* **Provided information**:
lemma unaligned_square_extension:
  assumes w: "w \<in> good_words n" and a: "a \<in> extensions w"
    and sq: "square_at (code (w @ [a])) (k*L + r) (j*L)" and r: "0 < r" "r < L"
    and kj: "k + 2*j = n"
  shows "2 \<le> j \<and> w @ [a] \<in> square_completions n j"
proof -
  let ?u = "w @ [a]" and ?X = "w!k" and ?Y = "w!(k+j)"
  have len_w: "length w = n" and w_set: "set w \<subseteq> {..<N}"
    and "walk w" and "square_free (code w)" using w by (simp_all add: good_words_def)
  have u: "set ?u \<subseteq> {..<N}" using append_extension[OF w a] by simp
  have "0 < j" using sq by (simp add: square_at_def)
  then have L_le: "L \<le> j*L" by simp
  have XY: "?X < N" "?Y < N" "a < N" using w_set u kj \<open>0 < j\<close> len_w by (auto intro: nth_less_N)
  have u_nth: "?u!k = ?X" "?u!(k+j) = ?Y" "?u!(k+j+j) = a"
    using kj \<open>0 < j\<close> len_w by (simp_all add: nth_append)
  have period: "?u!(k+m) = ?u!(k+j+m)" if "1 \<le> m" "m < j" for m
  proof (rule square_at_code_block_eq[OF u sq _ that(2)])
    have "1 * L \<le> m * L" using that(1) by (rule mult_le_mono1)
    then show "r \<le> m * L" using r(2) by linarith
  qed
  have suffix: "L - r \<le> lcs (V!?X) (V!?Y)"
    using square_at_code_lcs[OF u sq] u_nth r by simp
  have prefix: "V!?Y!t = V!a!t" if "t < r" for t
    using square_at_code_nth_eq[OF u sq, of j t] u_nth r L_le that by simp
  have "?X \<noteq> ?Y"
  proof
    assume "?X = ?Y"
    have "w!(k+m) = w!(k+j+m)" if "m < j" for m
    proof (cases "m = 0")
      case False
      then show ?thesis using period[of m] that kj len_w by (simp add: nth_append)
    qed (use \<open>?X = ?Y\<close> in simp)
    then have "square_at w k j" using kj \<open>0 < j\<close> len_w by (simp add: square_at_def)
    then show False
      using square_free_of_code[OF w_set \<open>square_free (code w)\<close>] by (auto simp: square_free_iff_no_square_at)
  qed
  have "j \<noteq> 1"
  proof
    assume "j = 1"
    then have "?Y \<in> set (succs!?X)" using \<open>walk w\<close> kj len_w by (simp add: walk_def)
    moreover have "w \<noteq> []" "last w = ?Y" using \<open>j = 1\<close> kj len_w last_eq_nth by auto
    then have "a \<in> set (succs!?Y)" using a by (simp add: extensions_last)
    moreover have "r \<le> lcp (V!?Y) (V!a)"
      by (rule le_lcpI) (use prefix length_V XY r in auto)
    ultimately show False using lcs_lcp_lt[OF XY(1)] suffix r by fastforce
  qed
  with \<open>0 < j\<close> have j: "2 \<le> j" by simp
  have "w!i = w!(i - j)" if i: "Suc n - j \<le> i" "i < n" for i
  proof -
    have "k + (i - k - j) = i - j" "k + j + (i - k - j) = i" "1 \<le> i - k - j" "i - k - j < j"
      using i kj j by arith+
    then have "?u!(i - j) = ?u!i" using period[of "i - k - j"] by simp
    moreover have "i - j < length w" using i len_w by simp
    ultimately show ?thesis using i len_w by (simp add: nth_append)
  qed
  moreover have "a \<in> compatible (w!(n-j))"
  proof -
    have "L - s!?Y \<le> r" using lcs_le[OF XY(1,2) \<open>?X \<noteq> ?Y\<close>] suffix by linarith
    then have "take (L - s!?Y) (V!a) = take (L - s!?Y) (V!?Y)"
      using prefix length_V XY by (intro nth_equalityI) auto
    moreover have "n - j = k + j" using kj by simp
    ultimately show ?thesis using XY by (simp add: compatible_def)
  qed
  ultimately show ?thesis using append_in_square_completions[OF w] j kj by simp
qed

* **Aim of the task**:
Exactly as they appear, output the line holding "len_w by simp" and all lines after it through the end of the listing above, and only those.

* **Answer box**:
    moreover have "i - j < length w" using i len_w by simp
    ultimately show ?thesis using i len_w by (simp add: nth_append)
  qed
  moreover have "a \<in> compatible (w!(n-j))"
  proof -
    have "L - s!?Y \<le> r" using lcs_le[OF XY(1,2) \<open>?X \<noteq> ?Y\<close>] suffix by linarith
    then have "take (L - s!?Y) (V!a) = take (L - s!?Y) (V!?Y)"
      using prefix length_V XY by (intro nth_equalityI) auto
    moreover have "n - j = k + j" using kj by simp
    ultimately show ?thesis using XY by (simp add: compatible_def)
  qed
  ultimately show ?thesis using append_in_square_completions[OF w] j kj by simp
qed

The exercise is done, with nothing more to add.